◆ REQUIRED ACTION: From the entries below, extract every line that includes the word "thesis".

◆ RECORD EXTRACTS:

section \<open>The estimation circuit\<close>

lemma run_circuit_Nil [simp]: "run_circuit N l m A \<gamma> [] v = v"
  unfolding run_circuit_def by simp

lemma run_circuit_Cons:
  "run_circuit N l m A \<gamma> (g # gs) v = run_circuit N l m A \<gamma> gs (gate_mat N l m A \<gamma> g *\<^sub>v v)"
  unfolding run_circuit_def by simp

lemma run_circuit_append:
  "run_circuit N l m A \<gamma> (gs @ hs) v = run_circuit N l m A \<gamma> hs (run_circuit N l m A \<gamma> gs v)"
  unfolding run_circuit_def by simp

lemma ctrl_update_id [simp]: "ctrl_update c (\<lambda>_. id) S = S"
  by (simp add: ctrl_update_def fun_eq_iff)

lemma run_circuit_replicate:
  assumes gs: "\<And>S. run_circuit N l m A \<gamma> gs (reg_vec N l m S) = reg_vec N l m (ctrl_update c f S)"
  shows "run_circuit N l m A \<gamma> (concat (replicate n gs)) (reg_vec N l m S)
    = reg_vec N l m (ctrl_update c (\<lambda>y. f y ^^ n) S)"
proof (induction n arbitrary: S)
  case (Suc n)
  then show ?case
    by (simp add: run_circuit_append gs ctrl_update_ctrl_update funpow_swap1)
qed simp

definition flip_gate :: "nat \<Rightarrow> nat \<Rightarrow> nat \<Rightarrow> nat \<Rightarrow> gate" where
  "flip_gate N l m j = Fixed (ctrl_block N l m (Some j) (\<lambda>_. zero_flip (2^l)))"

definition grover_block :: "nat \<Rightarrow> nat \<Rightarrow> nat \<Rightarrow> nat \<Rightarrow> gate list" where
  "grover_block N l m j = [SGate (Some j), AGate True (Some j), flip_gate N l m j, AGate False (Some j)]"

definition stage :: "nat \<Rightarrow> nat \<Rightarrow> nat \<Rightarrow> nat \<Rightarrow> gate list" where
  "stage N l m j = concat (replicate (2^j) (grover_block N l m j))"

definition stages :: "nat \<Rightarrow> nat \<Rightarrow> nat \<Rightarrow> nat \<Rightarrow> gate list" where
  "stages N l m n = concat (map (stage N l m) [0..<n])"

definition qpe_circuit :: "nat \<Rightarrow> nat \<Rightarrow> nat \<Rightarrow> gate list" where
  "qpe_circuit N l m = [Fixed (last_reg_mat N l m (dft_mat (2^m))), AGate False None]
     @ stages N l m m @ [Fixed (last_reg_mat N l m (mat_adjoint (dft_mat (2^m))))]"

lemma run_grover_block:
  assumes A: "\<And>y. y < N \<Longrightarrow> unitary_mat (2^l) (A y)"
  shows "run_circuit N l m A \<gamma> (grover_block N l m j) (reg_vec N l m S)
    = reg_vec N l m (ctrl_update (Some j) (\<lambda>y. grover_iter (2^l) (\<lambda>x. A y $$ (x, 0)) (\<gamma> y)) S)"
proof -
  have "run_circuit N l m A \<gamma> (grover_block N l m j) (reg_vec N l m S)
      = reg_vec N l m (ctrl_update (Some j) (\<lambda>y u. apply_mat (2^l) (A y) (apply_mat (2^l) (zero_flip (2^l))
          (apply_mat (2^l) (mat_adjoint (A y)) (apply_mat (2^l) (refl_mat l (\<gamma> y)) u)))) S)"
    by (simp add: grover_block_def flip_gate_def run_circuit_def ctrl_block_mult_reg_vec ctrl_update_ctrl_update)
  also have "\<dots> = reg_vec N l m (ctrl_update (Some j) (\<lambda>y. grover_iter (2^l) (\<lambda>x. A y $$ (x, 0)) (\<gamma> y)) S)"
  proof (rule reg_vec_cong)
    fix y x b :: nat assume y: "y < N" and x: "x < 2^l"
    have "apply_mat (2^l) (mat_adjoint (A y)) (apply_mat (2^l) (refl_mat l (\<gamma> y)) u)
        = apply_mat (2^l) (mat_adjoint (A y)) (reflect_at (\<gamma> y) u)" for u
      by (rule apply_mat_cong) (rule apply_refl_mat)
    then show "ctrl_update (Some j) (\<lambda>y u. apply_mat (2^l) (A y) (apply_mat (2^l) (zero_flip (2^l))
          (apply_mat (2^l) (mat_adjoint (A y)) (apply_mat (2^l) (refl_mat l (\<gamma> y)) u)))) S y x b
      = ctrl_update (Some j) (\<lambda>y. grover_iter (2^l) (\<lambda>x. A y $$ (x, 0)) (\<gamma> y)) S y x b"
      using apply_conj_zero_flip[OF A[OF y] x] by (simp add: ctrl_update_def grover_iter_def)
  qed
  finally show ?thesis .
qed

lemma run_stages:
  assumes A: "\<And>y. y < N \<Longrightarrow> unitary_mat (2^l) (A y)"
  shows "run_circuit N l m A \<gamma> (stages N l m n) (reg_vec N l m (\<lambda>y x b. \<phi> y x))
    = reg_vec N l m (\<lambda>y x b. (grover_iter (2^l) (\<lambda>x. A y $$ (x, 0)) (\<gamma> y) ^^ (b mod 2^n)) (\<phi> y) x)"
proof (induction n)
  case 0
  show ?case by (simp add: stages_def)
next
  case (Suc n)
  define G where "G y = grover_iter (2^l) (\<lambda>x. A y $$ (x, 0)) (\<gamma> y)" for y
  have "run_circuit N l m A \<gamma> (stages N l m (Suc n)) (reg_vec N l m (\<lambda>y x b. \<phi> y x))
      = run_circuit N l m A \<gamma> (stage N l m n) (reg_vec N l m (\<lambda>y x b. (G y ^^ (b mod 2^n)) (\<phi> y) x))"
    using Suc.IH by (simp add: stages_def run_circuit_append G_def)
  also have "\<dots> = reg_vec N l m (ctrl_update (Some n) (\<lambda>y. G y ^^ 2^n) (\<lambda>y x b. (G y ^^ (b mod 2^n)) (\<phi> y) x))"
    unfolding stage_def G_def by (rule run_circuit_replicate) (rule run_grover_block[OF A])
  also have "ctrl_update (Some n) (\<lambda>y. G y ^^ 2^n) (\<lambda>y x b. (G y ^^ (b mod 2^n)) (\<phi> y) x)
      = (\<lambda>y x b. (G y ^^ (b mod 2^Suc n)) (\<phi> y) x)"
  proof (intro ext)
    fix y x b :: nat
    have "b mod 2^Suc n = 2^n * (b div 2^n mod 2) + b mod 2^n"
      by (metis mod_mult2_eq power_Suc2)
    moreover have "b div 2^n mod 2 = 0 \<or> b div 2^n mod 2 = 1"
      by auto
    ultimately show "ctrl_update (Some n) (\<lambda>y. G y ^^ 2^n) (\<lambda>y x b. (G y ^^ (b mod 2^n)) (\<phi> y) x) y x b
        = (G y ^^ (b mod 2^Suc n)) (\<phi> y) x"
      by (auto simp: ctrl_update_def ctrl_ok_def funpow_add)
  qed
  finally show ?case
    by (simp add: G_def)
qed

lemma run_qpe_preparation:
  shows "run_circuit N l m A \<gamma> [Fixed (last_reg_mat N l m (dft_mat (2^m))), AGate False None] (init_state N l m \<alpha>)
    = reg_vec N l m (\<lambda>y x b. \<alpha> y / of_real (sqrt (2^m)) * A y $$ (x, 0))"
proof -
  have "last_reg_mat N l m (dft_mat (2^m)) *\<^sub>v init_state N l m \<alpha>
      = reg_vec N l m (\<lambda>y x b. if x = 0 then \<alpha> y / of_real (sqrt (2^m)) else 0)"
    unfolding init_state_eq_reg_vec last_reg_mat_mult_reg_vec
    by (rule reg_vec_cong) (simp add: apply_dft_basis_zero)
  moreover have "ctrl_block N l m None A *\<^sub>v reg_vec N l m (\<lambda>y x b. if x = 0 then \<alpha> y / of_real (sqrt (2^m)) else 0)
      = reg_vec N l m (\<lambda>y x b. \<alpha> y / of_real (sqrt (2^m)) * A y $$ (x, 0))"
    unfolding ctrl_block_mult_reg_vec
    by (rule reg_vec_cong) (simp add: ctrl_update_def ctrl_ok_def apply_mat_basis_zero)
  ultimately show ?thesis
    by (simp add: run_circuit_Cons)
qed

◆ TASK RESULT:
  finally show ?thesis .
  ultimately show ?thesis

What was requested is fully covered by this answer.